The holes of the present invention are substantially circular holes, so that
The porous membrane of the present invention has the properties of a screen type filter. In other words, particles with a diameter larger than the diameter of the circumscribed circle touching the pores cannot absolutely pass through the pores. Laminated materials of fibrous or fine powder materials can be used as filter media, but these conventional filtration media , the shape of the pores is not constant, and depending on the rounding transient conditions (pressure, filtration rate) K, some particles may emit V, while others may not.In other words, a certain particle of interest may be captured by the pores. However, the average pore radius σS) shown in equation 111 cannot be obtained with these laminates.Therefore, the porous membrane of the present invention has the same porosity as that of a screen-type filter. The ultrafiltration rate of the membrane, which has pores, is approximately 7
It is proportional to the fourth power of s and also proportional to the porosity. Therefore, in order to increase only the overspeeding stations, the larger i is, the better. However, the maximum pore size is naturally determined in relation to the target particle size to be separated.

The area where the characteristics of a hydrophilic screen filter are fully demonstrated is 2 as the average pore diameter (2r).
It is 0 μm or less. (9) When the average pore diameter is 0.01 μm or less, the particles that can be separated by the eardrum are generally spherical and the surface area increases, and the characteristics of the circular pores of the present invention cannot be utilized. The object of the present invention is to use a porous membrane to separate and remove a target component in a liquid or gas mixture containing water as an object of good separation, and to do so at a high speed. Naturally, when the average pore size becomes small, the filtration rate decreases significantly. Further, although the thickness of the porous membrane is usually as thin as possible, it is generally 5 μm or more thick for ease of handling and to avoid the presence of pinholes. In the case of pores with an average pore diameter of 0.017 vm or less,
The probability of existence of non-through holes (non-through holes) increases, and the performance as a so-called membrane becomes lower than that expected for through holes.

The ninth step is to avoid the mixture of non-penetrating pores, and the average pore diameter is 0.01 μm.
It has to be more than that. By increasing the thickness of the porous membrane as the average pore diameter increases, the inclusion of pinholes can be prevented. However, since the filtration rate is inversely proportional to the membrane thickness, it is desirable that the membrane be thinner. Because of these contradictory tendencies, the optimal range of film thickness is closely related to the manufacturing method of the porous film.

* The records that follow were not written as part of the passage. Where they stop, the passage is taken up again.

lemma fill_step_S:
  assumes "x < length T" "T ! x = []" "\<forall>c < x. T ! c \<noteq> []"
  shows "fill_step k T i (S j) = T[x := [i]]"
proof -
  from assms have "(LEAST c. c < length T \<and> T ! c = []) = x"
    by (intro Least_equality) (auto simp: not_less[symmetric])
  then show ?thesis by (simp add: fill_step_def)
qed

lemma fill_word_replicate_W_column:
  assumes "x < length T" "T ! x \<noteq> []" "length (T ! x) + n \<le> k ! x + 1" "last (T ! x) < m"
    and "\<forall>c \<in> active_cols k T. c \<noteq> x \<longrightarrow> last (T ! c) < last (T ! x)"
  shows "fill_word k m (replicate n W) T = T[x := T ! x @ [m..<m + n]]"
  using assms(3)
proof (induction n)
  case (Suc n)
  let ?T = "T[x := T ! x @ [m..<m + n]]"
  have "last (T ! x) \<le> last (?T ! x)"
    using assms(1,4) by (cases n) simp_all
  then have "x \<in> active_cols k ?T"
    and "\<forall>c \<in> active_cols k ?T. c \<noteq> x \<longrightarrow> last (?T ! c) < last (?T ! x)"
    using assms(1,2,5) Suc.prems by (fastforce simp: active_cols_def)+
  then have "fill_step k ?T (m + n) W = ?T[x := ?T ! x @ [m + n]]"
    by (rule fill_step_W)
  then show ?case
    using Suc assms(1) by (simp add: replicate_append_same[symmetric] fill_word_append)
qed simp

definition extends_above :: "nat \<Rightarrow> nat list \<Rightarrow> nat list \<Rightarrow> bool" where
  "extends_above m xs zs \<longleftrightarrow> (\<exists>ys. zs = xs @ ys \<and> (\<forall>y \<in> set ys. m \<le> y))"

lemma extends_above_refl: "extends_above m xs xs"
  by (simp add: extends_above_def)

lemma extends_above_snoc: "m \<le> j \<Longrightarrow> extends_above m xs (xs @ [j])"
  by (simp add: extends_above_def)

lemma list_all2_extends_above_3:
  "list_all2 (extends_above m) [X, Y, Z] E \<longleftrightarrow>
    (\<exists>ys0 ys1 ys2. E = [X @ ys0, Y @ ys1, Z @ ys2] \<and> (\<forall>y \<in> set ys0 \<union> set ys1 \<union> set ys2. m \<le> y))"
  by (auto simp: list_all2_Cons1 extends_above_def)

lemma fill_word_replicate_W_extends:
  "list_all2 (extends_above m) T (fill_word k m (replicate n W) T)"
proof (induction n)
  case 0
  show ?case
    by (simp add: list_all2_conv_all_nth extends_above_refl)
next
  case (Suc n)
  let ?T = "fill_word k m (replicate n W) T"
  obtain c where c: "fill_step k ?T (m + n) W = ?T[c := ?T ! c @ [m + n]]"
    using fill_step_W_eq_update by blast
  have "list_all2 (extends_above m) ?T (?T[c := ?T ! c @ [m + n]])"
    by (cases "c < length ?T")
      (auto simp: list_all2_conv_all_nth nth_list_update extends_above_refl extends_above_snoc)
  then have "list_all2 (extends_above m) ?T (fill_step k ?T (m + n) W)"
    by (simp only: c)
  with Suc.IH have "list_all2 (extends_above m) T (fill_step k ?T (m + n) W)"
    by (rule list_all2_trans[rotated]) (auto simp: extends_above_def)
  then show ?case
    by (simp add: replicate_append_same[symmetric] fill_word_append)
qed
lemma Lop_le_of_second_difference_le:
  fixes \<mu> :: "real^'n \<Rightarrow> real" and v :: "real^'n \<Rightarrow> real"
  assumes \<mu>: "\<And>z. z \<in> sphere 0 1 \<Longrightarrow> 0 \<le> \<mu> z \<and> \<mu> z \<le> Lam"
    and "0 \<le> K" "0 \<le> Lam" "0 \<le> I"
    and I: "(\<integral>\<^sup>+ y. ennreal (trunc_kernel s (y::real^'n)) \<partial>lborel) = ennreal I"
    and second_diff: "\<And>y. 2 * v x - v (x + y) - v (x - y) \<le> 2 * K * min ((norm y)\<^sup>2) 1"
  shows "Lop \<mu> s v x \<le> ereal (K * Lam * I)"
proof -
  define g where "g y = (2 * v x - v (x + y) - v (x - y)) / 2 * kernel \<mu> s y" for y
  have g_le: "g y \<le> (K * Lam) * trunc_kernel s y" for y
  proof -
    have "g y \<le> K * min ((norm y)\<^sup>2) 1 * kernel \<mu> s y"
      unfolding g_def using second_diff[of y] kernel_nonneg_le(1)[OF \<mu>]
      by (intro mult_right_mono) auto
    also have "\<dots> \<le> K * min ((norm y)\<^sup>2) 1 * (Lam * norm y powr (-(real CARD('n) + s)))"
      using kernel_nonneg_le(2)[OF \<mu>] \<open>0 \<le> K\<close> by (intro mult_left_mono) auto
    finally show ?thesis
      by (simp add: trunc_kernel_def mult_ac)
  qed
  have "(\<integral>\<^sup>+ y. ennreal (g y) \<partial>lborel) \<le> (\<integral>\<^sup>+ y. ennreal (K * Lam) * ennreal (trunc_kernel s (y::real^'n)) \<partial>lborel)"
    by (intro nn_integral_mono) (use g_le assms in \<open>simp add: ennreal_mult'[symmetric] ennreal_leI\<close>)
  also have "\<dots> = ennreal (K * Lam * I)"
    using assms by (simp add: nn_integral_cmult ennreal_mult')
  finally have "(\<integral>\<^sup>+ y. ennreal (g y) \<partial>lborel) \<le> ennreal (K * Lam * I)" .
  then have "enn2ereal (\<integral>\<^sup>+ y. ennreal (g y) \<partial>lborel) \<le> ereal (K * Lam * I)"
    using assms by (simp add: less_eq_ennreal.rep_eq)
  moreover have "Lop \<mu> s v x \<le> enn2ereal (\<integral>\<^sup>+ y. ennreal (g y) \<partial>lborel)"
    unfolding Lop_def Let_def g_def by (rule ereal_diff_le_self) (simp add: enn2ereal_nonneg)
  ultimately show ?thesis
    by (rule order_trans[rotated])
qed

lemma second_difference_le:
  fixes \<phi> v :: "'a::real_inner \<Rightarrow> real"
  assumes below: "\<And>x. \<phi> x \<le> v x" and touch: "v x0 = \<phi> x0"
    and paraboloid: "\<And>y. \<phi> (x0 + y) + \<phi> (x0 - y) - 2 * \<phi> x0 = - 2 * K * (y \<bullet> y)"
    and osc: "\<And>x. v x0 - K \<le> v x"
  shows "2 * v x0 - v (x0 + y) - v (x0 - y) \<le> 2 * K * min ((norm y)\<^sup>2) 1"
proof -
  have "0 \<le> K"
    using osc[of x0] by simp
  have "2 * v x0 - v (x0 + y) - v (x0 - y) \<le> 2 * K * (norm y)\<^sup>2"
    using paraboloid[of y] below[of "x0 + y"] below[of "x0 - y"] touch
    by (simp add: power2_norm_eq_inner)
  moreover have "2 * v x0 - v (x0 + y) - v (x0 - y) \<le> 2 * K"
    using osc[of "x0 + y"] osc[of "x0 - y"] by simp
  ultimately show ?thesis
    using \<open>0 \<le> K\<close> by (simp add: min_def)
qed

lemma C2_on_quadratic:
  fixes p q :: "real^'n"
  shows "C2_on (\<lambda>x. c - a * ((x - p) \<bullet> (x - p)) - b * ((x - q) \<bullet> (x - q))) S"
proof -
  define f' where "f' x = blinfun_inner_left (- (2 * a) *\<^sub>R (x - p) - (2 * b) *\<^sub>R (x - q))"
    for x :: "real^'n"
  define f'' where "f'' = Blinfun (\<lambda>h::real^'n. blinfun_inner_left (- (2 * (a + b)) *\<^sub>R h))"
  have "bounded_linear (\<lambda>h::real^'n. blinfun_inner_left (- (2 * (a + b)) *\<^sub>R h))"
    by (intro bounded_linear_compose[OF bounded_linear_blinfun_inner_left]
        bounded_linear_scaleR_right bounded_linear_ident)
  then have f'': "blinfun_apply f'' = (\<lambda>h. blinfun_inner_left (- (2 * (a + b)) *\<^sub>R h))"
    unfolding f''_def by (rule bounded_linear_Blinfun_apply)
  have "((\<lambda>x. c - a * ((x - p) \<bullet> (x - p)) - b * ((x - q) \<bullet> (x - q))) has_derivative f' x) (at x)" for x
    unfolding f'_def
    by (auto intro!: derivative_eq_intros simp: inner_commute algebra_simps inner_diff_right)
  moreover have "(f' has_derivative f'') (at x)" for x
  proof -
    have "((\<lambda>x. - (2 * a) *\<^sub>R (x - p) - (2 * b) *\<^sub>R (x - q)) has_derivative
        (\<lambda>h. - (2 * (a + b)) *\<^sub>R h)) (at x)"
      by (auto intro!: derivative_eq_intros simp: algebra_simps)
    from bounded_linear.has_derivative[OF bounded_linear_blinfun_inner_left this]
    show ?thesis unfolding f'_def f'' .
  qed
  ultimately show ?thesis
    unfolding C2_on_def by (intro exI[of _ f'] exI[of _ "\<lambda>_. f''"]) auto
qed

lemma Lop_touching_test_function_le:
  fixes \<mu> w \<phi> :: "real^'n \<Rightarrow> real"
  assumes \<mu>: "\<And>z. z \<in> sphere 0 1 \<Longrightarrow> 0 \<le> \<mu> z \<and> \<mu> z \<le> Lam" and "0 \<le> Lam" "0 \<le> I"
    and I: "(\<integral>\<^sup>+ y. ennreal (trunc_kernel s (y::real^'n)) \<partial>lborel) = ennreal I"
    and m: "\<And>x. m \<le> w x" and "0 < \<delta>"
    and touch: "\<phi> x0 = w x0" "w x0 < m + \<delta>"
    and below: "\<And>x. \<phi> x + \<delta> * ((x - x0) \<bullet> (x - x0)) \<le> w x"
    and paraboloid: "\<And>y. \<phi> (x0 + y) + \<phi> (x0 - y) - 2 * \<phi> x0 = - 4 * \<delta> * (y \<bullet> y)"
    and N: "\<And>x. x \<in> N \<Longrightarrow> m - \<delta> < \<phi> x"
  shows "Lop \<mu> s (\<lambda>x. if x \<in> N then \<phi> x else w x) x0 \<le> ereal (2 * \<delta> * Lam * I)"
proof -
  define v where "v = (\<lambda>x. if x \<in> N then \<phi> x else w x)"
  have second_diff: "2 * v x0 - v (x0 + y) - v (x0 - y) \<le> 2 * (2 * \<delta>) * min ((norm y)\<^sup>2) 1" for y
  proof (rule second_difference_le)
    show "\<phi> x \<le> v x" for x
    proof -
      have "0 \<le> \<delta> * ((x - x0) \<bullet> (x - x0))"
        using \<open>0 < \<delta>\<close> by simp
      with below[of x] show ?thesis
        by (simp add: v_def)
    qed
    show "v x0 - 2 * \<delta> \<le> v x" for x
      using touch m[of x] N[of x] \<open>0 < \<delta>\<close> by (auto simp: v_def)
  qed (use touch paraboloid in \<open>simp_all add: v_def\<close>)
  have "Lop \<mu> s v x0 \<le> ereal (2 * \<delta> * Lam * I)"
    by (rule Lop_le_of_second_difference_le[OF \<mu> _ \<open>0 \<le> Lam\<close> \<open>0 \<le> I\<close> I second_diff])
      (use \<open>0 < \<delta>\<close> in auto)
  then show ?thesis
    by (simp only: v_def)
qed
(* Let $V$ be a vertex algebra over $\mathbb{F}$ and let $W$ be a $(V,\mathcal{B})$-module. Set $W^{\mathcal{D}}=\{w\in W\mid \mathcal{D}^{(n)}w=0\text{ for all } n\ge1\}$. If $f:V\to W$ is a $V$-module homomorphism, then $f$ is a $(V,\mathcal{B})$-module homomorphism (i.e. also a $\mathcal{B}$-module homomorphism) if and only if $f(\mathbf{1})\in W^{\mathcal{D}}$. Furthermore, the map $\phi:\mathrm{Hom}_{(V,\mathcal{B})}(V,W)\to W^{\mathcal{D}}$, $\phi(f)=f(\mathbf{1})$, is a linear isomorphism.
   Context: $\mathbb{F}$ is an algebraically closed field of odd prime characteristic $p$; vertex algebras and their modules over $\mathbb{F}$ are defined by the usual axioms with the Jacobi identity. $\mathcal{B}$ is the bialgebra with basis $\{\mathcal{D}^{(n)}\mid n\in\mathbb{N}\}$, $\mathcal{D}^{(0)}=1$, $\mathcal{D}^{(m)}\mathcal{D}^{(n)}=\binom{m+n}{n}\mathcal{D}^{(m+n)}$, $\Delta(\mathcal{D}^{(n)})=\sum_{i=0}^n\mathcal{D}^{(n-i)}\otimes\mathcal{D}^{(i)}$, $\varepsilon(\mathcal{D}^{(n)})=\delta_{n,0}$; write $e^{x\mathcal{D}}=\sum_{n\ge0}x^n\mathcal{D}^{(n)}$. Every vertex algebra $V$ is a $\mathcal{B}$-module via $\mathcal{D}^{(n)}v=v_{-n-1}\mathbf{1}$. A $(V,\mathcal{B})$-module is a $V$-module $(W,Y_W)$ that is also a $\mathcal{B}$-module with $e^{x\mathcal{D}}Y_W(v,z)e^{-x\mathcal{D}}=Y_W(e^{x\mathcal{D}}v,z)$ for all $v\in V$. $\mathrm{Hom}_{(V,\mathcal{B})}(V,W)$ is the space of maps that are both $V$-module and $\mathcal{B}$-module homomorphisms. *)

theory Defs
  imports "HOL-Computational_Algebra.Polynomial" "HOL-Library.Groups_Big_Fun"
begin

(* Binomial coefficient binom(m,i) for an integer top entry m and i :: nat,
   i.e. m(m-1)...(m-i+1)/i!, written integrally (valid in any characteristic). *)
definition int_binom :: "int \<Rightarrow> nat \<Rightarrow> int" where
  "int_binom m i = (if 0 \<le> m then int (nat m choose i)
                    else (-1) ^ i * int ((nat (-m) + i - 1) choose i))"

(* Jacobi identity in component form (coefficient of z0^(-l-1) z1^(-m-1) z2^(-n-1)).
   YV u n v = u_n v  (vertex operators of V),  YW v n w = v_n w (action on W).
   All sums have finite support by truncation; Sum_any sums over the support. *)
definition jacobi_id ::
  "('k::field \<Rightarrow> 'w::ab_group_add \<Rightarrow> 'w) \<Rightarrow> ('v \<Rightarrow> int \<Rightarrow> 'v \<Rightarrow> 'v) \<Rightarrow> ('v \<Rightarrow> int \<Rightarrow> 'w \<Rightarrow> 'w) \<Rightarrow> bool" where
  "jacobi_id sW YV YW \<longleftrightarrow>
     (\<forall>u v w l m n.
        Sum_any (\<lambda>i::nat. sW (of_int (int_binom m i)) (YW (YV u (l + int i) v) (m + n - int i) w))
      = Sum_any (\<lambda>i::nat. sW (of_int ((-1) ^ i * int_binom l i))
            (YW u (l + m - int i) (YW v (n + int i) w)
             - sW ((-1) powi l) (YW v (l + n - int i) (YW u (m + int i) w)))))"

definition vertex_algebra ::
  "('k::field \<Rightarrow> 'v::ab_group_add \<Rightarrow> 'v) \<Rightarrow> ('v \<Rightarrow> int \<Rightarrow> 'v \<Rightarrow> 'v) \<Rightarrow> 'v \<Rightarrow> bool" where
  "vertex_algebra sV Y vac \<longleftrightarrow>
     vector_space sV
   \<and> (\<forall>u n. Vector_Spaces.linear sV sV (Y u n))
   \<and> (\<forall>v n. Vector_Spaces.linear sV sV (\<lambda>u. Y u n v))
   \<and> (\<forall>u v. \<exists>N. \<forall>n\<ge>N. Y u n v = 0)
   \<and> (\<forall>v n. Y vac n v = (if n = -1 then v else 0))
   \<and> (\<forall>v. Y v (-1) vac = v)
   \<and> (\<forall>v n. 0 \<le> n \<longrightarrow> Y v n vac = 0)
   \<and> jacobi_id sV Y Y"

definition va_module ::
  "('k::field \<Rightarrow> 'v::ab_group_add \<Rightarrow> 'v) \<Rightarrow> ('v \<Rightarrow> int \<Rightarrow> 'v \<Rightarrow> 'v) \<Rightarrow> 'v
   \<Rightarrow> ('k \<Rightarrow> 'w::ab_group_add \<Rightarrow> 'w) \<Rightarrow> ('v \<Rightarrow> int \<Rightarrow> 'w \<Rightarrow> 'w) \<Rightarrow> bool" where
  "va_module sV Y vac sW YW \<longleftrightarrow>
     vector_space sW
   \<and> (\<forall>v n. Vector_Spaces.linear sW sW (YW v n))
   \<and> (\<forall>w n. Vector_Spaces.linear sV sW (\<lambda>v. YW v n w))
   \<and> (\<forall>v w. \<exists>N. \<forall>n\<ge>N. YW v n w = 0)
   \<and> (\<forall>w n. YW vac n w = (if n = -1 then w else 0))
   \<and> jacobi_id sW Y YW"

(* module over the bialgebra B with basis D^(n):  D n = action of D^(n) *)
definition B_module :: "('k::field \<Rightarrow> 'w::ab_group_add \<Rightarrow> 'w) \<Rightarrow> (nat \<Rightarrow> 'w \<Rightarrow> 'w) \<Rightarrow> bool" where
  "B_module sW D \<longleftrightarrow>
     (\<forall>n. Vector_Spaces.linear sW sW (D n))
   \<and> (\<forall>w. D 0 w = w)
   \<and> (\<forall>m n w. D m (D n w) = sW (of_nat ((m + n) choose n)) (D (m + n) w))"

definition DV :: "('v \<Rightarrow> int \<Rightarrow> 'v \<Rightarrow> 'v) \<Rightarrow> 'v \<Rightarrow> nat \<Rightarrow> 'v \<Rightarrow> 'v" where
  "DV Y vac n v = Y v (- int n - 1) vac"

(* (V,B)-module: e^{xD} Y_W(v,z) e^{-xD} = Y_W(e^{xD} v, z), compared coefficientwise
   in x^k and z^{-n-1}, where e^{-xD} = sum_b (-x)^b D^(b). *)
definition VB_module ::
  "('k::field \<Rightarrow> 'v::ab_group_add \<Rightarrow> 'v) \<Rightarrow> ('v \<Rightarrow> int \<Rightarrow> 'v \<Rightarrow> 'v) \<Rightarrow> 'v
   \<Rightarrow> ('k \<Rightarrow> 'w::ab_group_add \<Rightarrow> 'w) \<Rightarrow> ('v \<Rightarrow> int \<Rightarrow> 'w \<Rightarrow> 'w) \<Rightarrow> (nat \<Rightarrow> 'w \<Rightarrow> 'w) \<Rightarrow> bool" where
  "VB_module sV Y vac sW YW D \<longleftrightarrow>
     va_module sV Y vac sW YW
   \<and> B_module sW D
   \<and> (\<forall>v n k w. (\<Sum>a\<le>k. D a (YW v n (sW ((-1) ^ (k - a)) (D (k - a) w))))
                 = YW (DV Y vac k v) n w)"

definition V_hom ::
  "('k::field \<Rightarrow> 'v::ab_group_add \<Rightarrow> 'v) \<Rightarrow> ('v \<Rightarrow> int \<Rightarrow> 'v \<Rightarrow> 'v)
   \<Rightarrow> ('k \<Rightarrow> 'w::ab_group_add \<Rightarrow> 'w) \<Rightarrow> ('v \<Rightarrow> int \<Rightarrow> 'w \<Rightarrow> 'w) \<Rightarrow> ('v \<Rightarrow> 'w) \<Rightarrow> bool" where
  "V_hom sV Y sW YW f \<longleftrightarrow> Vector_Spaces.linear sV sW f \<and> (\<forall>u n v. f (Y u n v) = YW u n (f v))"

The larger the porosity is, the more desirable it is; #) However, as the porosity increases, the mechanical properties of the porous membrane deteriorate. When the porosity becomes 30 hiss or more, the linearity of through-holes increases rapidly, and when the porosity exceeds 70, there are almost only through-holes.

We investigated the filtration characteristics of many regenerated cellulose porous membranes with the same σ average pore size and porosity, and found that even if ultrafiltration is performed at a pressure of less than 1 g (d pressure difference 160), cellulose crystals If the (101) plane in is averagely good looking with respect to the porous membrane surface, selective filtration of water is better if the plane is oriented parallel to the porous membrane surface. However, the amount of change in film thickness when immersed in water is greater when the film is oriented as described above than when it is not. The reason for this is unknown, but when the hydroxyl groups stand upright on the membrane surface (that is, when the (101) plane is arranged parallel to the porous membrane surface), water is selectively adsorbed, and the amorphous region of the membrane This is thought to be because it easily retains water inside. Such water selective permselectivity appears significantly when the degree of orientation of the (101) plane on the porous membrane is 60 or more.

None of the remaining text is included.